For any nonnegative random variable $Y$ , we have (see (21.9) of Billingsley's Probability and measure):
$$E[Y] = \int Y dP = \int_0^\infty P[Y > t] dt. \tag{$*$}$$
For $M > 0$, substituting $Y$ in $(*)$ with $XI_{[X > M]}$ to
\begin{align}
\int XI_{[X > M]} dP &= \int_0^\infty P[XI_{[X > M]} > t]dt \\
&= \int_0^M P[XI_{[X > M]} > t]dt + \int_M^\infty P[XI_{[X > M]} > t]dt \\
&= MP[X > M] + \int_M^\infty P[X > t] dt \geq MP[X > M]. \tag{$**$}
\end{align}
The third equality holds because for every $t \in [0, M]$, $\{XI_{[X > M]} > t\} = \{X > M\}$, and for every $t > M$, $\{XI_{[X > M]} > t\} = \{X > t\}$.

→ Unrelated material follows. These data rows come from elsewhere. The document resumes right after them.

definition interp :: "(nat \<Rightarrow> real) \<Rightarrow> nat \<Rightarrow> (real \<Rightarrow> real) \<Rightarrow> real \<Rightarrow> real" where
  "interp x N f = poly (THE p. degree p \<le> N \<and> (\<forall>i\<le>N. poly p (x i) = f (x i)))"

end

theory Submission
  imports Defs
begin

text \<open>
  Since \<open>\<psi>\<^sub>i = I\<^sub>N \<phi>\<^sub>i\<close> agrees with \<open>\<phi>\<^sub>i\<close> at the nodes, \<open>Q\<^sub>N(\<phi>\<^sub>1\<phi>\<^sub>2) = Q\<^sub>N(\<psi>\<^sub>1\<psi>\<^sub>2)\<close>, and this equals
  \<open>Q(\<psi>\<^sub>1\<psi>\<^sub>2)\<close> because \<open>\<psi>\<^sub>1\<psi>\<^sub>2 \<in> P\<^sub>2\<^sub>N\<close>. The error is therefore \<open>Q(\<phi>\<^sub>1\<phi>\<^sub>2 - \<psi>\<^sub>1\<psi>\<^sub>2)\<close>, and
  writing \<open>\<phi>\<^sub>1\<phi>\<^sub>2 - \<psi>\<^sub>1\<psi>\<^sub>2 = (\<phi>\<^sub>1 - \<psi>\<^sub>1)\<phi>\<^sub>2 + \<psi>\<^sub>1(\<phi>\<^sub>2 - \<psi>\<^sub>2)\<close>, the Cauchy--Schwarz inequality
  in \<open>L\<^sup>2\<^sub>\<omega>\<close> bounds it by \<open>\<parallel>\<phi>\<^sub>1 - \<psi>\<^sub>1\<parallel> \<parallel>\<phi>\<^sub>2\<parallel> + \<parallel>\<psi>\<^sub>1\<parallel> \<parallel>\<phi>\<^sub>2 - \<psi>\<^sub>2\<parallel>\<close>, which is dominated by
  the symmetric right-hand side.
\<close>

lemma set_borel_measurable_mult:
  fixes f g :: "'a \<Rightarrow> real"
  assumes "set_borel_measurable M A f" "set_borel_measurable M A g"
  shows "set_borel_measurable M A (\<lambda>t. f t * g t)"
proof -
  have "(\<lambda>t. indicator A t *\<^sub>R (f t * g t)) = (\<lambda>t. (indicator A t *\<^sub>R f t) * (indicator A t *\<^sub>R g t))"
    by (auto simp: indicator_def fun_eq_iff)
  then show ?thesis
    using assms unfolding set_borel_measurable_def by (simp add: borel_measurable_times)
qed

lemma set_borel_measurable_diff:
  fixes f g :: "'a \<Rightarrow> real"
  assumes "set_borel_measurable M A f" "set_borel_measurable M A g"
  shows "set_borel_measurable M A (\<lambda>t. f t - g t)"
proof -
  have "(\<lambda>t. indicator A t *\<^sub>R (f t - g t)) = (\<lambda>t. (indicator A t *\<^sub>R f t) - (indicator A t *\<^sub>R g t))"
    by (auto simp: indicator_def fun_eq_iff)
  then show ?thesis
    using assms unfolding set_borel_measurable_def by (simp add: borel_measurable_diff)
qed

lemma set_integral_nonneg:
  fixes h :: "'a \<Rightarrow> real"
  assumes "\<And>t. t \<in> A \<Longrightarrow> 0 \<le> h t"
  shows "0 \<le> (LINT t:A|M. h t)"
  unfolding set_lebesgue_integral_def
  by (intro integral_nonneg_AE AE_I2) (auto simp: indicator_def assms)

lemma abs_mult_le_half_sum_squares:
  fixes a b :: real
  shows "\<bar>a * b\<bar> \<le> (a\<^sup>2 + b\<^sup>2) / 2"
proof -
  have "0 \<le> (\<bar>a\<bar> - \<bar>b\<bar>)\<^sup>2" by simp
  then show ?thesis by (simp add: power2_diff abs_mult)
qed

lemma discriminant_le_of_quadratic_nonneg:
  fixes A B C :: real
  assumes nonneg: "\<And>s. 0 \<le> s\<^sup>2 * A + 2 * s * C + B" and "0 \<le> A"
  shows "C\<^sup>2 \<le> A * B"
proof (cases "A = 0")
  case True
  show ?thesis
  proof (rule ccontr)
    assume "\<not> ?thesis"
    with True have "C \<noteq> 0" by auto
    have "0 \<le> (-(B + 1) / (2 * C))\<^sup>2 * A + 2 * (-(B + 1) / (2 * C)) * C + B" by (rule nonneg)
    also have "\<dots> = -1" using True \<open>C \<noteq> 0\<close> by (simp add: field_simps)
    finally show False by simp
  qed
next
  case False
  with \<open>0 \<le> A\<close> have "0 < A" by simp
  have "0 \<le> (-C / A)\<^sup>2 * A + 2 * (-C / A) * C + B" by (rule nonneg)
  also have "\<dots> = B - C\<^sup>2 / A" using \<open>0 < A\<close> by (simp add: field_simps power2_eq_square)
  finally show ?thesis using \<open>0 < A\<close> by (simp add: field_simps mult.commute)
qed

context
  fixes X :: "real set" and w :: "real \<Rightarrow> real"
  assumes w_meas: "set_borel_measurable lborel X w"
    and w_nonneg: "\<And>t. t \<in> X \<Longrightarrow> 0 \<le> w t"
begin

lemma in_L2w_mult_integrable:
  assumes f: "in_L2w X w f" and g: "in_L2w X w g"
  shows "set_integrable lborel X (\<lambda>t. f t * g t * w t)"
proof (rule set_integrable_bound)
  show "set_integrable lborel X (\<lambda>t. ((f t)\<^sup>2 * w t + (g t)\<^sup>2 * w t) / 2)"
    using f g unfolding in_L2w_def by (intro set_integrable_divide set_integral_add) auto
  show "set_borel_measurable lborel X (\<lambda>t. f t * g t * w t)"
    using f g w_meas unfolding in_L2w_def by (intro set_borel_measurable_mult) auto
  show "AE t in lborel. t \<in> X \<longrightarrow> norm (f t * g t * w t) \<le> norm (((f t)\<^sup>2 * w t + (g t)\<^sup>2 * w t) / 2)"
  proof (intro AE_I2 impI)
    fix t assume "t \<in> X"
    then have "0 \<le> w t" by (rule w_nonneg)
    then have "\<bar>f t * g t\<bar> * w t \<le> ((f t)\<^sup>2 + (g t)\<^sup>2) / 2 * w t"
      by (intro mult_right_mono abs_mult_le_half_sum_squares)
    with \<open>0 \<le> w t\<close> show "norm (f t * g t * w t) \<le> norm (((f t)\<^sup>2 * w t + (g t)\<^sup>2 * w t) / 2)"
      by (simp add: abs_mult algebra_simps)
  qed
qed

lemma in_L2w_diff:
  assumes f: "in_L2w X w f" and g: "in_L2w X w g"
  shows "in_L2w X w (\<lambda>t. f t - g t)"
proof -
  have "(\<lambda>t. (f t - g t)\<^sup>2 * w t) = (\<lambda>t. ((f t)\<^sup>2 * w t + (g t)\<^sup>2 * w t) - 2 * (f t * g t * w t))"
    by (auto simp: fun_eq_iff power2_eq_square algebra_simps)
  then show ?thesis
    using f g in_L2w_mult_integrable[OF f g] unfolding in_L2w_def
    by (auto intro!: set_borel_measurable_diff)
qed

lemma wnorm_nonneg: "0 \<le> wnorm X w f"
  unfolding wnorm_def by (intro real_sqrt_ge_zero set_integral_nonneg) (simp add: w_nonneg)

lemma wnorm_Cauchy_Schwarz:
  assumes f: "in_L2w X w f" and g: "in_L2w X w g"
  shows "\<bar>LINT t:X|lborel. f t * g t * w t\<bar> \<le> wnorm X w f * wnorm X w g"
proof -
  define A where "A = (LINT t:X|lborel. f t * f t * w t)"
  define B where "B = (LINT t:X|lborel. g t * g t * w t)"
  define C where "C = (LINT t:X|lborel. f t * g t * w t)"
  note integrable = in_L2w_mult_integrable
  have "0 \<le> s\<^sup>2 * A + 2 * s * C + B" for s
  proof -
    have "0 \<le> (LINT t:X|lborel. (s * f t + g t)\<^sup>2 * w t)"
      by (rule set_integral_nonneg) (simp add: w_nonneg)
    also have "\<dots> = (LINT t:X|lborel. (s\<^sup>2 * (f t * f t * w t) + (2 * s) * (f t * g t * w t)) + g t * g t * w t)"
      by (intro arg_cong[where f="set_lebesgue_integral lborel X"]) (auto simp: fun_eq_iff power2_eq_square algebra_simps)
    also have "\<dots> = s\<^sup>2 * A + 2 * s * C + B"
      unfolding A_def B_def C_def using integrable[OF f f] integrable[OF f g] integrable[OF g g] by simp
    finally show ?thesis .
  qed
  moreover have "0 \<le> A"
    unfolding A_def by (rule set_integral_nonneg) (simp add: w_nonneg)
  ultimately have "sqrt (C\<^sup>2) \<le> sqrt (A * B)"
    by (intro real_sqrt_le_mono discriminant_le_of_quadratic_nonneg)
  moreover have "wnorm X w f = sqrt A" "wnorm X w g = sqrt B"
    unfolding wnorm_def A_def B_def by (simp_all add: power2_eq_square)
  ultimately show ?thesis by (simp add: C_def real_sqrt_mult)
qed

lemma wint_mult_diff_le:
  assumes f: "in_L2w X w f" and g: "in_L2w X w g" and p: "in_L2w X w p" and q: "in_L2w X w q"
  shows "\<bar>wint X w (\<lambda>t. f t * g t) - wint X w (\<lambda>t. p t * q t)\<bar>
    \<le> wnorm X w (\<lambda>t. f t - p t) * wnorm X w g + wnorm X w p * wnorm X w (\<lambda>t. g t - q t)"
proof -
  note integrable = in_L2w_mult_integrable
  have "wint X w (\<lambda>t. f t * g t) - wint X w (\<lambda>t. p t * q t)
      = (LINT t:X|lborel. f t * g t * w t - p t * g t * w t)
      + (LINT t:X|lborel. p t * g t * w t - p t * q t * w t)"
    using integrable[OF f g] integrable[OF p g] integrable[OF p q] by (simp add: wint_def)
  also have "\<dots> = (LINT t:X|lborel. (f t - p t) * g t * w t) + (LINT t:X|lborel. p t * (g t - q t) * w t)"
    by (simp add: algebra_simps)
  finally have error_split: "wint X w (\<lambda>t. f t * g t) - wint X w (\<lambda>t. p t * q t)
      = (LINT t:X|lborel. (f t - p t) * g t * w t) + (LINT t:X|lborel. p t * (g t - q t) * w t)" .
  have "\<bar>wint X w (\<lambda>t. f t * g t) - wint X w (\<lambda>t. p t * q t)\<bar>
      \<le> \<bar>LINT t:X|lborel. (f t - p t) * g t * w t\<bar> + \<bar>LINT t:X|lborel. p t * (g t - q t) * w t\<bar>"
    unfolding error_split by (rule abs_triangle_ineq)
  also have "\<dots> \<le> wnorm X w (\<lambda>t. f t - p t) * wnorm X w g + wnorm X w p * wnorm X w (\<lambda>t. g t - q t)"
    by (intro add_mono wnorm_Cauchy_Schwarz in_L2w_diff[OF f p] in_L2w_diff[OF g q] g p)
  finally show ?thesis .
qed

To wit, say, if we want to show for every $t \in [0, M]$, $\{XI_{[X > M]} > t\} = \{X > M\}$, just note
\begin{align}
\{XI_{[X > M]} > t\} &= (\{XI_{[X > M]} > t\} \cap \{X > M\}) \cup (\{XI_{[X > M]} > t\} \cap \{X \leq M\}) \\
&= (\{X > t\} \cap \{X > M\}) \cup (\{0 > t\} \cap \{X \leq M\}) \\
&= \{X > M\} \cup \varnothing = \{X > M\}.
\end{align}
Similarly it is easy to show for every $t > M$, $\{XI_{[X > M]} > t\} = \{X > t\}$.
Assume that $X$ is integrable (i.e., $E[|X|]< \infty$), then the left hand side of $(**)$ converges to $0$ as $M \to \infty$, by the dominated convergence theorem. It then follows that
$$0 \geq \limsup_{M \to \infty} MP[X > M] \geq \liminf_{M \to \infty} MP[X > M] \geq 0.$$
Hence the result follows.
Remark: This proof uses some measure theory, which I think is worthwhile as the proof assuming the existence of densities doesn't address a majority class of random variables, for example, discrete random variables such as binomial and Poisson.